◆ **Exercise instructions**: In the listing that follows, copy out each line that includes the word "shows".
──────────
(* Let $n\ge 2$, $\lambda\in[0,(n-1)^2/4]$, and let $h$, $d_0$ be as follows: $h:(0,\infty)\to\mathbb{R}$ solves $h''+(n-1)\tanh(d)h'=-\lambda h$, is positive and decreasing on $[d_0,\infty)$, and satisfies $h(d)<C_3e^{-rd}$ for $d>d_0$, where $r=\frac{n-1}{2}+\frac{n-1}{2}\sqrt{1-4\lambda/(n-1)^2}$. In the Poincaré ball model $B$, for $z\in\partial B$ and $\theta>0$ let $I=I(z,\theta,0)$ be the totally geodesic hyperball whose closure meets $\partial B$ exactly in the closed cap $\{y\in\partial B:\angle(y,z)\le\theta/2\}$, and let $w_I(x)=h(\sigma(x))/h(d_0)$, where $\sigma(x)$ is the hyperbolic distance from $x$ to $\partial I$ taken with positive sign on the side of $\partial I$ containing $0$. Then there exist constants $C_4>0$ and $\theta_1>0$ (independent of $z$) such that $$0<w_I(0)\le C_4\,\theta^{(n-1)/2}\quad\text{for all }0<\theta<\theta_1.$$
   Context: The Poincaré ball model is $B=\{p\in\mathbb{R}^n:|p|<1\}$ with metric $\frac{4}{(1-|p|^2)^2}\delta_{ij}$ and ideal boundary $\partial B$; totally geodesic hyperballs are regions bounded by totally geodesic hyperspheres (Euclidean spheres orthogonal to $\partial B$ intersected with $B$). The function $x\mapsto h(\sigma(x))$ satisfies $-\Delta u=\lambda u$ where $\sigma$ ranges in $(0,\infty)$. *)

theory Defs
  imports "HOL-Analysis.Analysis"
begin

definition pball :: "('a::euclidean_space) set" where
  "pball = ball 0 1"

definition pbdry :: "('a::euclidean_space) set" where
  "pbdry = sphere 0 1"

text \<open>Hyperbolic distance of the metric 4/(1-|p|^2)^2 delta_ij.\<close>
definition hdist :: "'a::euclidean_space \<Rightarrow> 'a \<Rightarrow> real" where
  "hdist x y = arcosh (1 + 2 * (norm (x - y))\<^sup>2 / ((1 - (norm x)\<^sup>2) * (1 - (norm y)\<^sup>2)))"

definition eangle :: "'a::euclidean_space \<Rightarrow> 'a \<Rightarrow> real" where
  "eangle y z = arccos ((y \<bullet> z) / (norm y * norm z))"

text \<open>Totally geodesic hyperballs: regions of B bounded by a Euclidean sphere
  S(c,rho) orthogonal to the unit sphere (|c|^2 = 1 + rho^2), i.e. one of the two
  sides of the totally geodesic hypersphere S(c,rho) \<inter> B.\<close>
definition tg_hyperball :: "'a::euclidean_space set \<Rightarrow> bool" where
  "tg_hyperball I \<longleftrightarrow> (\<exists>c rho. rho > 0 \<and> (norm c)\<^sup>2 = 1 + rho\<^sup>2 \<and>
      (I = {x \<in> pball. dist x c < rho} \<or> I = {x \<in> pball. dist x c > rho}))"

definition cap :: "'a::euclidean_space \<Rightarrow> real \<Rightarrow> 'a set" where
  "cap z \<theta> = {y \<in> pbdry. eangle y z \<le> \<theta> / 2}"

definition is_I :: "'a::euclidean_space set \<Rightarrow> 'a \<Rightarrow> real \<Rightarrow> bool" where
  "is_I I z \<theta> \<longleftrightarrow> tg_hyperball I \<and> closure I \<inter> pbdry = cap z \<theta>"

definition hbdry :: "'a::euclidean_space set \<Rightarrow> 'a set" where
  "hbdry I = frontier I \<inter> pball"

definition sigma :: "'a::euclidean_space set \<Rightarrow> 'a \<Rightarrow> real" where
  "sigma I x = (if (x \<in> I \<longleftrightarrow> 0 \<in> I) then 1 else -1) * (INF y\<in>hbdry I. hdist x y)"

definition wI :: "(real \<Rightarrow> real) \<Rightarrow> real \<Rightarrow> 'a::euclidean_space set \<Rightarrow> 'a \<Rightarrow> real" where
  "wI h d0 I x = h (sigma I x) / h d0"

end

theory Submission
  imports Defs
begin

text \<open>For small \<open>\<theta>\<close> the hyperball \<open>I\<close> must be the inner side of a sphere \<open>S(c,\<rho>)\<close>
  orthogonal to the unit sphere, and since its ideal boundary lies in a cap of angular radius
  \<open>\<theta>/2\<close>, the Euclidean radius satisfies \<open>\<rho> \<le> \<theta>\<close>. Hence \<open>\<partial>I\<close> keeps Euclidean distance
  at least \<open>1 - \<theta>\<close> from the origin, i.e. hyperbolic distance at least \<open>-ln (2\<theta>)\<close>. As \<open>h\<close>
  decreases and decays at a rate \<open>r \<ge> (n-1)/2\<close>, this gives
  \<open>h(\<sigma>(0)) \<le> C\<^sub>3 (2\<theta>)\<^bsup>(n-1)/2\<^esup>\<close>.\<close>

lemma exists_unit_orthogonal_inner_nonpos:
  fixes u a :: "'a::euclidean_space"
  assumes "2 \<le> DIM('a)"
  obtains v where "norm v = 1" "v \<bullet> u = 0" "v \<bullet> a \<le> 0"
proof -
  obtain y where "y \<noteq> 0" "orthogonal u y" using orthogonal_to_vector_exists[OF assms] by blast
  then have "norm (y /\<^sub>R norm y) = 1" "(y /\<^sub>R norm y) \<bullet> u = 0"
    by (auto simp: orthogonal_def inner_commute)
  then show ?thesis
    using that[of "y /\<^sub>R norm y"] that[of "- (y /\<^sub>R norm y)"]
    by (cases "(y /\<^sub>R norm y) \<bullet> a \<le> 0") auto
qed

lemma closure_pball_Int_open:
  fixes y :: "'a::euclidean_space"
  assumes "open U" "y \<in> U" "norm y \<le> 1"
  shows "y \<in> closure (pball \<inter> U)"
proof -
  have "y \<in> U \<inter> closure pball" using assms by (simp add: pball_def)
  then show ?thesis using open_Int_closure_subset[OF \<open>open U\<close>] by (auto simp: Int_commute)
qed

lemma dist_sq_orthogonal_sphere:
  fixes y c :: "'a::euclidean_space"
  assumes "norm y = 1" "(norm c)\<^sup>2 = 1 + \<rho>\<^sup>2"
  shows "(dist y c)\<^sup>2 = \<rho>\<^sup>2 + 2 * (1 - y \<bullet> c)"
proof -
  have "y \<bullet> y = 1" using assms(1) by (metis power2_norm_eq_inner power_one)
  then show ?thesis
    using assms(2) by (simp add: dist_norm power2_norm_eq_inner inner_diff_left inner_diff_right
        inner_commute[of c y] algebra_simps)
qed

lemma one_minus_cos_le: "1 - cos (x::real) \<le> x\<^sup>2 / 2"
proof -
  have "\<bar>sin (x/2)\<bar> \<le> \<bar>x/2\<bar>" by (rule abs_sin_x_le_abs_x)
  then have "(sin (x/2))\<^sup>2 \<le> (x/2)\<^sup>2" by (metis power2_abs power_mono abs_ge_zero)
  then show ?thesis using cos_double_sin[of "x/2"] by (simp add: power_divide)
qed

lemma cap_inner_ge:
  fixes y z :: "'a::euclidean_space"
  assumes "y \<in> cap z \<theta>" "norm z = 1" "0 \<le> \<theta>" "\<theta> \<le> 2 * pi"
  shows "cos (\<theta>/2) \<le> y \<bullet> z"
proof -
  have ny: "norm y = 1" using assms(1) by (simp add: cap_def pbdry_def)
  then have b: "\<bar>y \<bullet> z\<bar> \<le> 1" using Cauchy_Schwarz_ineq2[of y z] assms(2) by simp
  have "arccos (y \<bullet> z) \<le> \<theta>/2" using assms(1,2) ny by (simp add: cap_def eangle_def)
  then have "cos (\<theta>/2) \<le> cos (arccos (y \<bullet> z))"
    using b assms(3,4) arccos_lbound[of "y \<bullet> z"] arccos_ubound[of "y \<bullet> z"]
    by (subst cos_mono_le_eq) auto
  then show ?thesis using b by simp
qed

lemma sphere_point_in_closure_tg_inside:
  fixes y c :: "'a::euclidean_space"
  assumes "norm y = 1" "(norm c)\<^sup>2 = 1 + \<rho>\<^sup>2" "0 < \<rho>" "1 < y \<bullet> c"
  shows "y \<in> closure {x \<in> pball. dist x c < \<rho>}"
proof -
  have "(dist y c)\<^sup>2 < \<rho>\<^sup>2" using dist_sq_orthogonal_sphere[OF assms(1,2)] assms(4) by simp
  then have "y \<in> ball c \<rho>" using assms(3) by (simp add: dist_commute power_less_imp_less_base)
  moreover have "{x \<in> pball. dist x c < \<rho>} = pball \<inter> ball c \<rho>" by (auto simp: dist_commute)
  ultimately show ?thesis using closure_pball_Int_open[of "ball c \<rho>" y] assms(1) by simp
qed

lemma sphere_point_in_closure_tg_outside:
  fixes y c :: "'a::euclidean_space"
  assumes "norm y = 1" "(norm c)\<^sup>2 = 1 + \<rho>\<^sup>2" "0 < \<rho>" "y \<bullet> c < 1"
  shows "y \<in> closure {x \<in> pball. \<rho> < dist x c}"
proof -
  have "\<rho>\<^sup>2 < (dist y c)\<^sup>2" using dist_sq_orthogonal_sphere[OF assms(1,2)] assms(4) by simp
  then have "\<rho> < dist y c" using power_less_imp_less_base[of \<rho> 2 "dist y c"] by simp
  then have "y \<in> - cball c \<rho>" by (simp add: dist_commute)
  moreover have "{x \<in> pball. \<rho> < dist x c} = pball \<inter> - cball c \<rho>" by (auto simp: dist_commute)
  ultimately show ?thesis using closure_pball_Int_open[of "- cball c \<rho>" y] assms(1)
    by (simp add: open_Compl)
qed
──────────
◆ **Answer section**:
  shows "y \<in> closure (pball \<inter> U)"
  shows "(dist y c)\<^sup>2 = \<rho>\<^sup>2 + 2 * (1 - y \<bullet> c)"
  shows "cos (\<theta>/2) \<le> y \<bullet> z"
  shows "y \<in> closure {x \<in> pball. dist x c < \<rho>}"
  shows "y \<in> closure {x \<in> pball. \<rho> < dist x c}"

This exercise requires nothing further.